------ EXCERPTED DATA

(* Let $E\in(-2,2)$, $k=\arccos(-E/2)\in(0,\pi)$, let $w_\sigma$ be a compactly supported real random variable on a probability space $(\Sigma,\mathbb P)$, and let $$T^{\epsilon,\delta}_\sigma=\begin{pmatrix}e^{-\imath k}&0\\0&e^{\imath k}\end{pmatrix}\exp\Big[\frac{\imath\delta+\epsilon w_\sigma}{2\sin(k)}(B_2+B_3)\Big],\qquad \epsilon,\delta\in\mathbb R.$$ If $\delta\ne0$, or if $\epsilon\ne0$ and the support of $w_\sigma$ contains more than one point, then the semigroup generated by $\mathrm{supp}(T^{\epsilon,\delta}_\sigma)$ is not relatively compact.
   Context: $B_2=\begin{pmatrix}0&\imath\\-\imath&0\end{pmatrix}$, $B_3=\begin{pmatrix}\imath&0\\0&-\imath\end{pmatrix}$. $\mathrm{supp}(T^{\epsilon,\delta}_\sigma)\subset\mathrm{SL}(2,\mathbb C)$ is the support of the distribution of the random matrix; relative compactness refers to the topology of $\mathbb C^{2\times 2}$. *)

theory Defs
  imports "HOL-Analysis.Analysis" "HOL-Probability.Probability"
begin

type_synonym cmat2 = "complex^2^2"

definition mat2 :: "complex \<Rightarrow> complex \<Rightarrow> complex \<Rightarrow> complex \<Rightarrow> cmat2" where
  "mat2 a b c d = (\<chi> i j. if i = 1 then (if j = 1 then a else b) else (if j = 1 then c else d))"

fun mpow :: "cmat2 \<Rightarrow> nat \<Rightarrow> cmat2" where
  "mpow A 0 = mat 1"
| "mpow A (Suc n) = A ** mpow A n"

definition mexp :: "cmat2 \<Rightarrow> cmat2" where
  "mexp A = (\<Sum>n. (1 / fact n) *\<^sub>R mpow A n)"

definition B2 :: cmat2 where "B2 = mat2 0 \<i> (- \<i>) 0"
definition B3 :: cmat2 where "B3 = mat2 \<i> 0 0 (- \<i>)"

definition msmult :: "complex \<Rightarrow> cmat2 \<Rightarrow> cmat2" where
  "msmult c A = (\<chi> i j. c * A $ i $ j)"

text \<open>The transfer matrix as a function of the value x of the random variable.\<close>
definition Tmat :: "real \<Rightarrow> real \<Rightarrow> real \<Rightarrow> real \<Rightarrow> cmat2" where
  "Tmat E \<epsilon> \<delta> x = (let k = arccos (- E / 2) in
     mat2 (exp (- \<i> * of_real k)) 0 0 (exp (\<i> * of_real k)) **
     mexp (msmult ((\<i> * of_real \<delta> + of_real (\<epsilon> * x)) / of_real (2 * sin k)) (B2 + B3)))"

definition meas_support :: "'a::topological_space measure \<Rightarrow> 'a set" where
  "meas_support N = {x. \<forall>U. open U \<and> x \<in> U \<longrightarrow> emeasure N U > 0}"

inductive_set semigroup_gen :: "cmat2 set \<Rightarrow> cmat2 set" for S where
  base: "x \<in> S \<Longrightarrow> x \<in> semigroup_gen S"
| mult: "x \<in> semigroup_gen S \<Longrightarrow> y \<in> semigroup_gen S \<Longrightarrow> x ** y \<in> semigroup_gen S"

end

theory Submission
  imports Defs
begin

(*
  If the closure of the semigroup G were compact, every element of that closure would have
  bounded powers, and the closure would also contain A B^-1 for all A, B in G: a subsequence
  of the powers B^n converges to a limit of determinant 1, so B^(n_(j+1) - n_j - 1) tends
  to B^-1.

  Since B2 + B3 is nilpotent, T(x) = D exp(c(x) (B2 + B3)) has determinant 1 and trace
  -E + eps x + i delta. If delta is nonzero the trace is not real, so T(x) has an eigenvalue
  off the unit circle and its powers are unbounded. Otherwise take a <> b in the support of w:
  T(a) T(b)^-1 is conjugate to exp((c(a) - c(b)) (B2 + B3)), a parabolic matrix A <> 1 whose
  powers 1 + n (A - 1) grow linearly.
*)

section \<open>2x2 complex matrices\<close>

lemma mat2_nth [simp]:
  "mat2 a b c d $ 1 $ 1 = a" "mat2 a b c d $ 1 $ 2 = b"
  "mat2 a b c d $ 2 $ 1 = c" "mat2 a b c d $ 2 $ 2 = d"
  by (simp_all add: mat2_def)

lemma mat2_cases:
  obtains a b c d where "X = mat2 a b c d"
proof -
  have "X = mat2 (X$1$1) (X$1$2) (X$2$1) (X$2$2)"
    by (simp add: mat2_def vec_eq_iff forall_2)
  then show ?thesis using that by blast
qed

lemma mat2_mult:
  "mat2 a b c d ** mat2 a' b' c' d' =
   mat2 (a*a' + b*c') (a*b' + b*d') (c*a' + d*c') (c*b' + d*d')"
  by (simp add: vec_eq_iff forall_2 mat2_def matrix_matrix_mult_def UNIV_2)

lemma mat2_one: "mat 1 = mat2 1 0 0 1"
  by (simp add: vec_eq_iff forall_2 mat2_def mat_def)

lemma mat2_zero: "0 = mat2 0 0 0 0"
  by (simp add: vec_eq_iff forall_2 mat2_def)

lemma mat2_add: "mat2 a b c d + mat2 a' b' c' d' = mat2 (a+a') (b+b') (c+c') (d+d')"
  by (simp add: vec_eq_iff forall_2 mat2_def)

lemma mat2_diff: "mat2 a b c d - mat2 a' b' c' d' = mat2 (a-a') (b-b') (c-c') (d-d')"
  by (simp add: vec_eq_iff forall_2 mat2_def)

lemma msmult_mat2: "msmult r (mat2 a b c d) = mat2 (r*a) (r*b) (r*c) (r*d)"
  by (simp add: vec_eq_iff forall_2 mat2_def msmult_def)

lemma det_mat2 [simp]: "det (mat2 a b c d) = a * d - b * c"
  by (simp add: det_2)

lemma trace_mat2 [simp]: "trace (mat2 a b c d) = a + d"
  by (simp add: trace_def UNIV_2)

lemma norm_trace_le: "norm (trace X) \<le> 2 * norm (X :: cmat2)"
proof -
  have entry: "norm (X $ i $ i) \<le> norm X" for i
    using Finite_Cartesian_Product.norm_nth_le[of "X $ i" i]
      Finite_Cartesian_Product.norm_nth_le[of X i] by linarith
  have "trace X = X$1$1 + X$2$2"
    by (simp add: trace_def UNIV_2)
  then show ?thesis
    using norm_triangle_ineq[of "X$1$1" "X$2$2"] entry[of 1] entry[of 2] by simp
qed

lemma matrix_add_rdistrib:
  fixes A B :: "'a::semiring_1^'n^'m" and C :: "'a^'p^'n"
  shows "(A + B) ** C = A ** C + B ** C"
  by (simp add: matrix_matrix_mult_def vec_eq_iff sum.distrib algebra_simps)

lemma tendsto_mat2:
  assumes "(f \<longlongrightarrow> a) F" "(g \<longlongrightarrow> b) F" "(h \<longlongrightarrow> c) F" "(l \<longlongrightarrow> d) F"
  shows "((\<lambda>x. mat2 (f x) (g x) (h x) (l x)) \<longlongrightarrow> mat2 a b c d) F"
  unfolding mat2_def by (intro tendsto_vec_lambda) (auto simp: assms)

------------

**AIM OF THE EXERCISE**
Copy out each line of the data containing the string "have".

**OUTPUT FOR THIS TASK**
  If the closure of the semigroup G were compact, every element of that closure would have
  have "X = mat2 (X$1$1) (X$1$2) (X$2$1) (X$2$2)"
  have entry: "norm (X $ i $ i) \<le> norm X" for i
  have "trace X = X$1$1 + X$2$2"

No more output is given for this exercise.